Exercise instructions —
For the records that follow, please set down exactly the lines between the one holding "define y where" and the one holding "unfolding D_def using assms pos", inclusive, and only those.

Record extracts —
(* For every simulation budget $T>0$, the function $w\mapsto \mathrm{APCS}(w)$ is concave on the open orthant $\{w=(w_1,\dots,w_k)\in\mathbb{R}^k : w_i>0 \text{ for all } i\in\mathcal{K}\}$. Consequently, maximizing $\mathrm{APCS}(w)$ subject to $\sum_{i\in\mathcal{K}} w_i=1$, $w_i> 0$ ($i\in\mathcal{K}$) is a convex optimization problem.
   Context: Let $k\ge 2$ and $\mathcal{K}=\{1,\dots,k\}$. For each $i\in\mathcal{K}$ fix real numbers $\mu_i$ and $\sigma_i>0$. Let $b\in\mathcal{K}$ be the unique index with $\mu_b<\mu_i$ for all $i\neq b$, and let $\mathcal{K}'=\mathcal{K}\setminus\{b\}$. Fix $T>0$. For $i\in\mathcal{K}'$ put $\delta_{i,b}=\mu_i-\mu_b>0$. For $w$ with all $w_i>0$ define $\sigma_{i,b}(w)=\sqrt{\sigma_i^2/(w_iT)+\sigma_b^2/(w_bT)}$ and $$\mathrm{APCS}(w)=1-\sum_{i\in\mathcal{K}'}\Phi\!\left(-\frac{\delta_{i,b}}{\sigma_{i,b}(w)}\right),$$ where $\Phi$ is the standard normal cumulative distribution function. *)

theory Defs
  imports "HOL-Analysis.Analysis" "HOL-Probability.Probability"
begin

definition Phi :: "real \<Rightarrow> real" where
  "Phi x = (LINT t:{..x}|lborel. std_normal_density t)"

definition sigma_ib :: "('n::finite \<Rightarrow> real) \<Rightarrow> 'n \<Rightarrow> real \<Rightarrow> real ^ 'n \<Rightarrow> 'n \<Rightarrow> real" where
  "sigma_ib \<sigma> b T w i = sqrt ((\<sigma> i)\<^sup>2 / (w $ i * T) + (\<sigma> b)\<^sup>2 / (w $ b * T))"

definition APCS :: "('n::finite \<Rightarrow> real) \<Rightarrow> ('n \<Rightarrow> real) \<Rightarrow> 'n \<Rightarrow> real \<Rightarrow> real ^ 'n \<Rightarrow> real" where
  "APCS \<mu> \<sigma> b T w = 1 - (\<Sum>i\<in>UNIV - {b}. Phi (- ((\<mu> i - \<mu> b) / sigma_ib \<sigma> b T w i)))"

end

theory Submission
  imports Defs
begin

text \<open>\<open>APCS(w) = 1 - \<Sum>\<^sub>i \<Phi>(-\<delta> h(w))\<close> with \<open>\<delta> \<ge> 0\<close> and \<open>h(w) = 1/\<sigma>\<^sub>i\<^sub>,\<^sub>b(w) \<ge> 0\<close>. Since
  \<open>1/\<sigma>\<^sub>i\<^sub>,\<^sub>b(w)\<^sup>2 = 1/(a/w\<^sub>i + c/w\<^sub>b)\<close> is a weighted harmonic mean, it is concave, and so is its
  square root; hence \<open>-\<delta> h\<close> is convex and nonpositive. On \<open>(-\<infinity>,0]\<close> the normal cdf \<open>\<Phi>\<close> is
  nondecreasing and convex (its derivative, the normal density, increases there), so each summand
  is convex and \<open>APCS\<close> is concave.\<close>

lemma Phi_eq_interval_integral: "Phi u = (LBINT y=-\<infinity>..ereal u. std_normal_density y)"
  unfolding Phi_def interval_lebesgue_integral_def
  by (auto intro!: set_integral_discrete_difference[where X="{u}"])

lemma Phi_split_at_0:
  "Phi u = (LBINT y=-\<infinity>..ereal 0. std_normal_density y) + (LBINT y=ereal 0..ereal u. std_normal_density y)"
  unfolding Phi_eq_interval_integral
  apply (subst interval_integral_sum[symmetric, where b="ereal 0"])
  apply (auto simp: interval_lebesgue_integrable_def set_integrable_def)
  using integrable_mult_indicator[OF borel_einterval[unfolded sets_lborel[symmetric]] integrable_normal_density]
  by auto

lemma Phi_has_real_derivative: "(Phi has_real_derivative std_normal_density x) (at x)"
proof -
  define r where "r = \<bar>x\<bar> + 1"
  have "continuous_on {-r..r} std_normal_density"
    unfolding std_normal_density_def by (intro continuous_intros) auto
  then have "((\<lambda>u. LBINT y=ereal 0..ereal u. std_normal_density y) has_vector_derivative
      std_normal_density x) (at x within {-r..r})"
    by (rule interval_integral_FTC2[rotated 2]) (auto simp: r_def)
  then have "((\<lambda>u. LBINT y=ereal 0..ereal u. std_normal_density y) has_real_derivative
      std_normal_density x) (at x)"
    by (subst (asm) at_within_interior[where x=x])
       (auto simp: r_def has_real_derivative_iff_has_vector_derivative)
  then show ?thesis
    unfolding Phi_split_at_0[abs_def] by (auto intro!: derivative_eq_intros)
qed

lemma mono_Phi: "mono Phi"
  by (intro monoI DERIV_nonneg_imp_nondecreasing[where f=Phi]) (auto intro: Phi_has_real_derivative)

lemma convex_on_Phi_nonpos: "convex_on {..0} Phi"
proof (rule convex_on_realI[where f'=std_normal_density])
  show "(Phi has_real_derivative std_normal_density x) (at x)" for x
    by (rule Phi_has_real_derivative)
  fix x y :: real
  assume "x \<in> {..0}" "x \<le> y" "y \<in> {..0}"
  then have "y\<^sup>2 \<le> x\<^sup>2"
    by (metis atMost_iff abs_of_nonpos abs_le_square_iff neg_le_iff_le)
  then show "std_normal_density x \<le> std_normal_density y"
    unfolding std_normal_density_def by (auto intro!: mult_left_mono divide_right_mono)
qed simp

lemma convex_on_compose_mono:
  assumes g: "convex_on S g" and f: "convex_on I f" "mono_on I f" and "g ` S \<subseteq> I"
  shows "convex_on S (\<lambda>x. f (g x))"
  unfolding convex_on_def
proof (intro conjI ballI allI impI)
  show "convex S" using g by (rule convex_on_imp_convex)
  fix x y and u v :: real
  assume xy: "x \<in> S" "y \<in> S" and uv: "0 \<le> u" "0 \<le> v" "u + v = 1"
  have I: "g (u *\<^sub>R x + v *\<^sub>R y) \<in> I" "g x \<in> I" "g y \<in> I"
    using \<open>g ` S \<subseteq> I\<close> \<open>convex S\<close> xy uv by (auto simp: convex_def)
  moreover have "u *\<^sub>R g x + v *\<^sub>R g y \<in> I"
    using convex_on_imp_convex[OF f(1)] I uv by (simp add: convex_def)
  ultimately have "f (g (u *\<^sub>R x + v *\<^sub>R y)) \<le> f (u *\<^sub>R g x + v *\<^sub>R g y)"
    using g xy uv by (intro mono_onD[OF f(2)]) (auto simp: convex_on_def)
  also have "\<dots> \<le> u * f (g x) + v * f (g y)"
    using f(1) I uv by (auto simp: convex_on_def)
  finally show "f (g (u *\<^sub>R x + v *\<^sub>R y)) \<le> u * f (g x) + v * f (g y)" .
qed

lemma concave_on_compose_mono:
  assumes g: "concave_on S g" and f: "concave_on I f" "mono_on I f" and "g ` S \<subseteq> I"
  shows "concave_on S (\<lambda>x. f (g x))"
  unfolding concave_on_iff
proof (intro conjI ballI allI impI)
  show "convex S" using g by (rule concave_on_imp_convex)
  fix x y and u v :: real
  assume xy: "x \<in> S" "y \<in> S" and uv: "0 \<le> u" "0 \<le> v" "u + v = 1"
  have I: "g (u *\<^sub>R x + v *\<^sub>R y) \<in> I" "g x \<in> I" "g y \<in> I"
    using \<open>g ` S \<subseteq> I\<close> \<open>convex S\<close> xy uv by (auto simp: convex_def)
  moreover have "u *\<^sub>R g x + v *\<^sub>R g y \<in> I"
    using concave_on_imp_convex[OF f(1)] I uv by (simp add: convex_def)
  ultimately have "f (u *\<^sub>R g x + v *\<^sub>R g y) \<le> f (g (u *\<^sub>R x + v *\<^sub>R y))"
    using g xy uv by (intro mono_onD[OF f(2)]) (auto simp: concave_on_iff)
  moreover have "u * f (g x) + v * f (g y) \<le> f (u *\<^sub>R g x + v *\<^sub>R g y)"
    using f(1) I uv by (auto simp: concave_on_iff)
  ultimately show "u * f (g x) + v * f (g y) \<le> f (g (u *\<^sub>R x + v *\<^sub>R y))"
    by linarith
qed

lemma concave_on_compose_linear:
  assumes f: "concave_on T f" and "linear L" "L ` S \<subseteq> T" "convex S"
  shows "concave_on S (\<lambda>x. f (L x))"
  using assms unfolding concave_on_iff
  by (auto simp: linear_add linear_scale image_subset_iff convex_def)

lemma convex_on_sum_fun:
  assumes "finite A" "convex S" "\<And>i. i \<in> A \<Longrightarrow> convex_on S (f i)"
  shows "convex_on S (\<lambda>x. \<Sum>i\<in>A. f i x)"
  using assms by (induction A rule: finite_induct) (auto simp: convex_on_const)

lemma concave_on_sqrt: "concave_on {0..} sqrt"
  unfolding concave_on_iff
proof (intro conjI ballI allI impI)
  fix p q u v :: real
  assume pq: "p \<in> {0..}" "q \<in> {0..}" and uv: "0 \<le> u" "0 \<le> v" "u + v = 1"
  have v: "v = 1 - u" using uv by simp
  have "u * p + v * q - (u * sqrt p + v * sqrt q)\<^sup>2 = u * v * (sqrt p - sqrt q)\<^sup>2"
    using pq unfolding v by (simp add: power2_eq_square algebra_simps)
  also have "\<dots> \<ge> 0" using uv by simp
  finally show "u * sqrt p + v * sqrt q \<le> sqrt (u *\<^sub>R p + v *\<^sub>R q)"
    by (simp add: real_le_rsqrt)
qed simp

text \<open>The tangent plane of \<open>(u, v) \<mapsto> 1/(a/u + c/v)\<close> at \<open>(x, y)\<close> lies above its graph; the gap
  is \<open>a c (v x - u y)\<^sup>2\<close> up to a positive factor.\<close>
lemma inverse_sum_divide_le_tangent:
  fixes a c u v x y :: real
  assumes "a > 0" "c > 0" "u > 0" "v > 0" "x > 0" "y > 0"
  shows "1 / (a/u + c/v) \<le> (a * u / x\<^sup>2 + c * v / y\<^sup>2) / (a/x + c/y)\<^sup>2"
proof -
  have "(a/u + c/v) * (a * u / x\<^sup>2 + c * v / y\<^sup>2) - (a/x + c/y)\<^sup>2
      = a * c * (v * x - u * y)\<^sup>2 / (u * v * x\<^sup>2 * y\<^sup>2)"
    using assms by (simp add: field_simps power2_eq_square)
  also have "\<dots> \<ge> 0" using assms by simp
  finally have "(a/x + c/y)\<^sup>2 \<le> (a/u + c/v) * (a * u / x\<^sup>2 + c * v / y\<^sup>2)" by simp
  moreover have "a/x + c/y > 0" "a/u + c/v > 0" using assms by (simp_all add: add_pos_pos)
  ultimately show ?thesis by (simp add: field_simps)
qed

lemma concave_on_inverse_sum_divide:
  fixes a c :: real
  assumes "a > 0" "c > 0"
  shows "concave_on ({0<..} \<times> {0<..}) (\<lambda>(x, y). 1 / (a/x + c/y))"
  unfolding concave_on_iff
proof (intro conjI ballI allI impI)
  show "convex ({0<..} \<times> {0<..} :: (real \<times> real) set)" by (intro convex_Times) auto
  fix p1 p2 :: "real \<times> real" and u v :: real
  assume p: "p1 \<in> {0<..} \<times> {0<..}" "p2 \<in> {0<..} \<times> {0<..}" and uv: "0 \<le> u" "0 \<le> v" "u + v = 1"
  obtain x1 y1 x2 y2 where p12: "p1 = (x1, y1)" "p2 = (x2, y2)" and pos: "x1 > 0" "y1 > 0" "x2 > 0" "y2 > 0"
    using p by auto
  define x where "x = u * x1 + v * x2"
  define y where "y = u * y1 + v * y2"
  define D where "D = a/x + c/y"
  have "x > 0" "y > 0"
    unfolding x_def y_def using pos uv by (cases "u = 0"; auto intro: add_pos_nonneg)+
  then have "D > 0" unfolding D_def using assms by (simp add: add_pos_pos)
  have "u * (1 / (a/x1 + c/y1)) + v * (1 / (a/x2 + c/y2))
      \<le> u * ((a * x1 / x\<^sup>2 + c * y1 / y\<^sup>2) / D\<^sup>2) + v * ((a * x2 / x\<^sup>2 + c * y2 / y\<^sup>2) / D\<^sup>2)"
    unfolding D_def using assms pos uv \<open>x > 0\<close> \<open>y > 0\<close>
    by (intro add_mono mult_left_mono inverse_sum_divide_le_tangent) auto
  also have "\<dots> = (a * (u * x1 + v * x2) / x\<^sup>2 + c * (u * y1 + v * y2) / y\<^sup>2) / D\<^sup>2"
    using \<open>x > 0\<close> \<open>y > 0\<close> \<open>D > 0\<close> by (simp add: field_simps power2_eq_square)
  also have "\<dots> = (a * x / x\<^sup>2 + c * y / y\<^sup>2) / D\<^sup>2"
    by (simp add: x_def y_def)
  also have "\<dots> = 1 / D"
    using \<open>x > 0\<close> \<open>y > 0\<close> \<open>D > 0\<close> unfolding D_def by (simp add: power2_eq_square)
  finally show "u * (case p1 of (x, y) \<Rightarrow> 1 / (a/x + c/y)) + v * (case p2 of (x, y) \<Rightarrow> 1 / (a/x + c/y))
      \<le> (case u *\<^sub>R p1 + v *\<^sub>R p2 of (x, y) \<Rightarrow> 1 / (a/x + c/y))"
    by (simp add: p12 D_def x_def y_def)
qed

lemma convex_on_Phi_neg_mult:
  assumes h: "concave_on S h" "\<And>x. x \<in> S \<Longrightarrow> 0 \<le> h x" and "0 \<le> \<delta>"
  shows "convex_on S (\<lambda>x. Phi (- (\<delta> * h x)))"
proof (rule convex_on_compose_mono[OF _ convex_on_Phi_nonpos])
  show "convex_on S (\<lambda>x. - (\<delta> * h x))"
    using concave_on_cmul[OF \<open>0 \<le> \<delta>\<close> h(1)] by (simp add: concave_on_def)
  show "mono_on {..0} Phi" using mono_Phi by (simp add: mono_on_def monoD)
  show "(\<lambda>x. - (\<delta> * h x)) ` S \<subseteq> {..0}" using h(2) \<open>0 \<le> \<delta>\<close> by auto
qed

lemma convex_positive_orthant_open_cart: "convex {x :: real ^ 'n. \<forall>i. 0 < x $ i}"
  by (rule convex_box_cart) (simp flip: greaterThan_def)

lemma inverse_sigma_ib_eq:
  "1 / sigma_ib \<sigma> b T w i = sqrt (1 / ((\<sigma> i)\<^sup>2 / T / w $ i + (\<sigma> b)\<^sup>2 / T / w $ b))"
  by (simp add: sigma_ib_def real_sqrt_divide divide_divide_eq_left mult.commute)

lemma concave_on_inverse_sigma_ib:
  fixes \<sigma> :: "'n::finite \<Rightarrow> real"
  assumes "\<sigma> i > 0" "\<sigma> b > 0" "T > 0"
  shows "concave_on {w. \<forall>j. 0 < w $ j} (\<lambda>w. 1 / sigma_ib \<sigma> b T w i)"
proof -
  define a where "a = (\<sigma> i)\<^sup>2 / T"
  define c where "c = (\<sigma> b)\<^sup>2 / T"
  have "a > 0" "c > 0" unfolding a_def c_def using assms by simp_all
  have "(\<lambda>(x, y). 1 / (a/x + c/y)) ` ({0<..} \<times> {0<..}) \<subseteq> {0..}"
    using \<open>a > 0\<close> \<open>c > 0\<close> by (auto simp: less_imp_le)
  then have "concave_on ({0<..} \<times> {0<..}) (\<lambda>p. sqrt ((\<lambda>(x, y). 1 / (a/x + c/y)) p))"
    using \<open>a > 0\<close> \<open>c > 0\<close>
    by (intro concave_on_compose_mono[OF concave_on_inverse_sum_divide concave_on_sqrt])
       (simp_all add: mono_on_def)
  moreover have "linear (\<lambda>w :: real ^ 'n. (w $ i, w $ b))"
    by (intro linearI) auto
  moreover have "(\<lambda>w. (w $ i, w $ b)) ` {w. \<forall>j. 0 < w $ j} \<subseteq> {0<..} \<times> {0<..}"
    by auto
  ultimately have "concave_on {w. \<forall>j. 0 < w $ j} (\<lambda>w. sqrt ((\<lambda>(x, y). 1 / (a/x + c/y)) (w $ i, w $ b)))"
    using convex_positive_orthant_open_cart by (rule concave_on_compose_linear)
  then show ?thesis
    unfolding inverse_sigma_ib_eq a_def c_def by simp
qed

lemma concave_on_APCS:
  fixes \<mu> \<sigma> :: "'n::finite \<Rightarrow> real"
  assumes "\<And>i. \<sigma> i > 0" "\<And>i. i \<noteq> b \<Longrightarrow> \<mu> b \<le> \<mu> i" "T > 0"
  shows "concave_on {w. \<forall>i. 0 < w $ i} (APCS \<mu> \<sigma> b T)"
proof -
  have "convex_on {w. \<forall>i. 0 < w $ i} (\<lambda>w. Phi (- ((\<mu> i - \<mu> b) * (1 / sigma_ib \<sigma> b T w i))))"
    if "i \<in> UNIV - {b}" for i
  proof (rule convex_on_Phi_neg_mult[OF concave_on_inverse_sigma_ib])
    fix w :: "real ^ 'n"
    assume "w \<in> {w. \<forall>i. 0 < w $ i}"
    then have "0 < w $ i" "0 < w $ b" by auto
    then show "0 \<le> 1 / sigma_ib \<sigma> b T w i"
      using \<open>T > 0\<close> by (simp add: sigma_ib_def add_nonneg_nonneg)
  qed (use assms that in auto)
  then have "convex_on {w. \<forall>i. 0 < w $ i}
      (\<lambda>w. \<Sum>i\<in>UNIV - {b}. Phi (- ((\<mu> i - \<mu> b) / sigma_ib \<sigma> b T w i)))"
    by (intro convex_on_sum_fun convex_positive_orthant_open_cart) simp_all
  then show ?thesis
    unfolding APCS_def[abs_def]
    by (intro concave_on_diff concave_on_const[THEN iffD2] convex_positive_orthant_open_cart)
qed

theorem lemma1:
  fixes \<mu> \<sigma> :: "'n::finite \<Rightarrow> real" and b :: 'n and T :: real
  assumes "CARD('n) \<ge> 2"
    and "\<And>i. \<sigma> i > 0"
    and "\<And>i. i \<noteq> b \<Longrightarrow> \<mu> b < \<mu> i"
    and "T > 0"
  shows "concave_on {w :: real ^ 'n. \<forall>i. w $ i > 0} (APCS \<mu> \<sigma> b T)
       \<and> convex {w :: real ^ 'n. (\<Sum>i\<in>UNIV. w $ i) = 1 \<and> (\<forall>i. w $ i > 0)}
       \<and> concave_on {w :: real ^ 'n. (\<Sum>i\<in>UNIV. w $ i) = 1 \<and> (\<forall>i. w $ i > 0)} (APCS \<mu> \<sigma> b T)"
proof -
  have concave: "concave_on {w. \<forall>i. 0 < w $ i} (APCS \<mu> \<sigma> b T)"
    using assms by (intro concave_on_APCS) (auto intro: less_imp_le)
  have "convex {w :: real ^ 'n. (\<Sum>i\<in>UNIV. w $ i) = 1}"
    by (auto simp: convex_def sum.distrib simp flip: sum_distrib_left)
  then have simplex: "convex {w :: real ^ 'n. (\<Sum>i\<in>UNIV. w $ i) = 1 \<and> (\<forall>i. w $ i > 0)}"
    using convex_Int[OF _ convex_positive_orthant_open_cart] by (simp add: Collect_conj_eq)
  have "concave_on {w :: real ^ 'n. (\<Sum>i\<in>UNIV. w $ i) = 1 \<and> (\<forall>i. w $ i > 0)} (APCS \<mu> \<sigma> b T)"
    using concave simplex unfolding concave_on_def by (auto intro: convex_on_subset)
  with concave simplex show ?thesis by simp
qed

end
==
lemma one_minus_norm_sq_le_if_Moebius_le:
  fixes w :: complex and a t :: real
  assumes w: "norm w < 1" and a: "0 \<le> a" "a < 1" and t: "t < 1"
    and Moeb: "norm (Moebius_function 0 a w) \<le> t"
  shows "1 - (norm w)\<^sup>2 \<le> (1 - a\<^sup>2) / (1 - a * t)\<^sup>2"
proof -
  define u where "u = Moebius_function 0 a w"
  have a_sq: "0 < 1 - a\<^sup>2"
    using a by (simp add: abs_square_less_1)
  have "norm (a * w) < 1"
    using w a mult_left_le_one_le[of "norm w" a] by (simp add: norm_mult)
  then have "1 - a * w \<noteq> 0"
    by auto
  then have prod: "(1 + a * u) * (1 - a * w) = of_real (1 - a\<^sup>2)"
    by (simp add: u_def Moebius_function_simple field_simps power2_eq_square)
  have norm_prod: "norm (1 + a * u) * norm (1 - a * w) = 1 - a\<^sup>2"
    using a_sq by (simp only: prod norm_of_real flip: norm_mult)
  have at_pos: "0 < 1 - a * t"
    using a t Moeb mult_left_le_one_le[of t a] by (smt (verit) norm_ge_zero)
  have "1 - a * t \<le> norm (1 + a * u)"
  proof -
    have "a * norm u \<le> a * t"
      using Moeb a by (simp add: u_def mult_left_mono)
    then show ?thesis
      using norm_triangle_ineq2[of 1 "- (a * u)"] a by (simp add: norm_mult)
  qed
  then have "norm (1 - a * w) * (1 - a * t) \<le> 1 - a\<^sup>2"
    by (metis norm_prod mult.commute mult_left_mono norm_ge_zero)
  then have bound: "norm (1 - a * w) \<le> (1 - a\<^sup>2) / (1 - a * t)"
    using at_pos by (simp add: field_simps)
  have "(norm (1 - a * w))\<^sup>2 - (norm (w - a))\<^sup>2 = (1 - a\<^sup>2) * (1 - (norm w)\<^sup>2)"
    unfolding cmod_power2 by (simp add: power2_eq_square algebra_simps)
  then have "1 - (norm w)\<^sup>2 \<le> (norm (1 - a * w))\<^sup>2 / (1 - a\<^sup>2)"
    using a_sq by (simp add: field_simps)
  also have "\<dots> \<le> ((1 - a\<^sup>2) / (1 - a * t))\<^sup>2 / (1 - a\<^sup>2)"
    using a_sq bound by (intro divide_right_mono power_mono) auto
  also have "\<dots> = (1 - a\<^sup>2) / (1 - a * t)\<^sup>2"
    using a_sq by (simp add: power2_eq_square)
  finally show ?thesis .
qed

Exercise answer —
  define y where "y = u * y1 + v * y2"
  define D where "D = a/x + c/y"
  have "x > 0" "y > 0"
    unfolding x_def y_def using pos uv by (cases "u = 0"; auto intro: add_pos_nonneg)+
  then have "D > 0" unfolding D_def using assms by (simp add: add_pos_pos)
  have "u * (1 / (a/x1 + c/y1)) + v * (1 / (a/x2 + c/y2))
      \<le> u * ((a * x1 / x\<^sup>2 + c * y1 / y\<^sup>2) / D\<^sup>2) + v * ((a * x2 / x\<^sup>2 + c * y2 / y\<^sup>2) / D\<^sup>2)"
    unfolding D_def using assms pos uv \<open>x > 0\<close> \<open>y > 0\<close>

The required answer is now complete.